Building a Python connector in Docker with your local CDK installed

Pre-requisite: Install the airbyte-ci CLI

You can build your connector image with the local CDK using

# from the airbytehq/airbyte base directory
airbyte-ci connectors --use-local-cdk --name=<CONNECTOR> build

Note that the local CDK is injected at build time, so if you make changes, you will have to run the build command again to see them reflected.

Running Connector Acceptance Tests for a single connector in Docker with your local CDK installed

Pre-requisite: Install the airbyte-ci CLI

To run acceptance tests for a single connectors using the local CDK, from the connector directory, run

airbyte-ci connectors --use-local-cdk --name=<CONNECTOR> test

When you don't have access to the API

There may be a time when you do not have access to the API (either because you don't have the credentials, network access, etc...) You will probably still want to do end-to-end testing at least once. In order to do so, you can emulate the server you would be reaching using a server stubbing tool.

For example, using mockserver, you can set up an expectation file like this:

{
  "httpRequest": {
    "method": "GET",
    "path": "/data"
  },
  "httpResponse": {
    "body": "{\"data\": [{\"record_key\": 1}, {\"record_key\": 2}]}"
  }
}

Assuming this file has been created at secrets/mock_server_config/expectations.json, running the following command will allow to match any requests on path /data to return the response defined in the expectation file:

docker run -d --rm -v $(pwd)/secrets/mock_server_config:/config -p 8113:8113 --env MOCKSERVER_LOG_LEVEL=TRACE --env MOCKSERVER_SERVER_PORT=8113 --env MOCKSERVER_WATCH_INITIALIZATION_JSON=true --env MOCKSERVER_PERSISTED_EXPECTATIONS_PATH=/config/expectations.json --env MOCKSERVER_INITIALIZATION_JSON_PATH=/config/expectations.json mockserver/mockserver:5.15.0

HTTP requests to localhost:8113/data should now return the body defined in the expectations file.

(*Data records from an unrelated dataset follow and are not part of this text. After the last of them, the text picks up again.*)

(* In the exploration process and with the random variables $M(t,i)$ described in the context, for every $t\in\{0,\dots,n\}$ and every $\lambda>0$, $$\mathbb{P}\Big[M(\tau,i)>-\lambda\ \text{for all }(0,n-a)\le(\tau,i)\le(t,n-a)\Big]\ge 1-\exp\left(-\frac{\lambda^2(1-\hat\pi(t))^3}{2(n\hat\pi(t)+\lambda/3)}\right)$$ and $$\mathbb{P}\Big[M(\tau,i)<\lambda\ \text{for all }(0,n-a)\le(\tau,i)\le(t,n-a)\Big]\ge 1-\exp\left(-\frac{\lambda^2(1-\hat\pi(t))^3}{2(n\hat\pi(t)+\lambda/3)}\right).$$
   Context: Let $r\ge2$, $0<p<1$, and consider the random graph $G(n,p)$ on $[n]$ (each edge independently present with probability $p$). Let the initially infected set be $\mathcal{A}(0)=\{1,\dots,a\}$. Exploration process: set $\mathcal{Z}(0)=\emptyset$. For each step $t=1,\dots,n$: if $\mathcal{A}(t-1)\setminus\mathcal{Z}(t-1)\neq\emptyset$, pick a vertex $u_t$ in it by an arbitrary rule and set $\mathcal{Z}(t)=\mathcal{Z}(t-1)\cup\{u_t\}$; otherwise $\mathcal{Z}(t)=\mathcal{Z}(t-1)$. For $t\ge0$ and $i\in[n-a]$ let $X(t,i)$ be the indicator that vertex $a+i$ has at least $r$ neighbours in $\mathcal{Z}(t)$, and set $\mathcal{A}(t)=\mathcal{A}(0)\cup\{a+i: X(t,i)=1,\ i\in[n-a]\}$. Let $T$ be the smallest $t$ with $\mathcal{A}(t)=\mathcal{Z}(t)$. Let $\hat\pi(t)=\mathbb{P}[\mathrm{Bin}(t,p)\ge r]$ and define the random quantity $\pi(t)=\hat\pi(t)$ for $t\le T$ and $\pi(t)=\hat\pi(T)$ for $t>T$. Each step $t\ge1$ is divided into rounds $(t,1),\dots,(t,n-a)$, ordered lexicographically ($(\tau,\iota)<(t,i)$ iff $\tau<t$, or $\tau=t$ and $\iota<i$), preceded by $(0,n-a)$. For $(t,i)\ge(0,n-a)$ define $$M(t,i):=\sum_{j=1}^{i}\frac{X(t,j)-\pi(t)}{1-\pi(t)}+\sum_{j=i+1}^{n-a}\frac{X(t-1,j)-\pi(t-1)}{1-\pi(t-1)}.$$ *)

theory Defs
  imports "HOL-Probability.Probability"
begin

text \<open>A graph on the vertex set [n] = {1..n} is encoded by a function on ordered
  pairs; only the slots (u,v) with 1 <= u < v <= n are relevant (the others are False
  almost surely).\<close>

type_synonym graph = "nat \<times> nat \<Rightarrow> bool"

definition edge_slots :: "nat \<Rightarrow> (nat \<times> nat) set" where
  "edge_slots n = {(u, v). 1 \<le> u \<and> u < v \<and> v \<le> n}"

definition gnp :: "nat \<Rightarrow> real \<Rightarrow> graph pmf" where
  "gnp n p = Pi_pmf (edge_slots n) False (\<lambda>_. bernoulli_pmf p)"

definition adj :: "graph \<Rightarrow> nat \<Rightarrow> nat \<Rightarrow> bool" where
  "adj G u v = (if u < v then G (u, v) else if v < u then G (v, u) else False)"

definition Aset :: "nat \<Rightarrow> nat \<Rightarrow> nat \<Rightarrow> graph \<Rightarrow> nat list \<Rightarrow> nat set" where
  "Aset n a r G zs = {1..a} \<union>
     {a + i | i. i \<in> {1..n - a} \<and> r \<le> card {v \<in> set zs. adj G (a + i) v}}"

To test this, the implementer either has to change the code which defines the base URL for Python source or update the url_base from low-code. With the Connector Builder running in docker, you will have to use domain host.docker.internal instead of localhost as the requests are executed within docker.

Publishing a new version to PyPi

  1. Open a PR
  2. Once it is approved and merged, an Airbyte member must run the Publish CDK Manually workflow from master using release-type=major|manor|patch and setting the changelog message.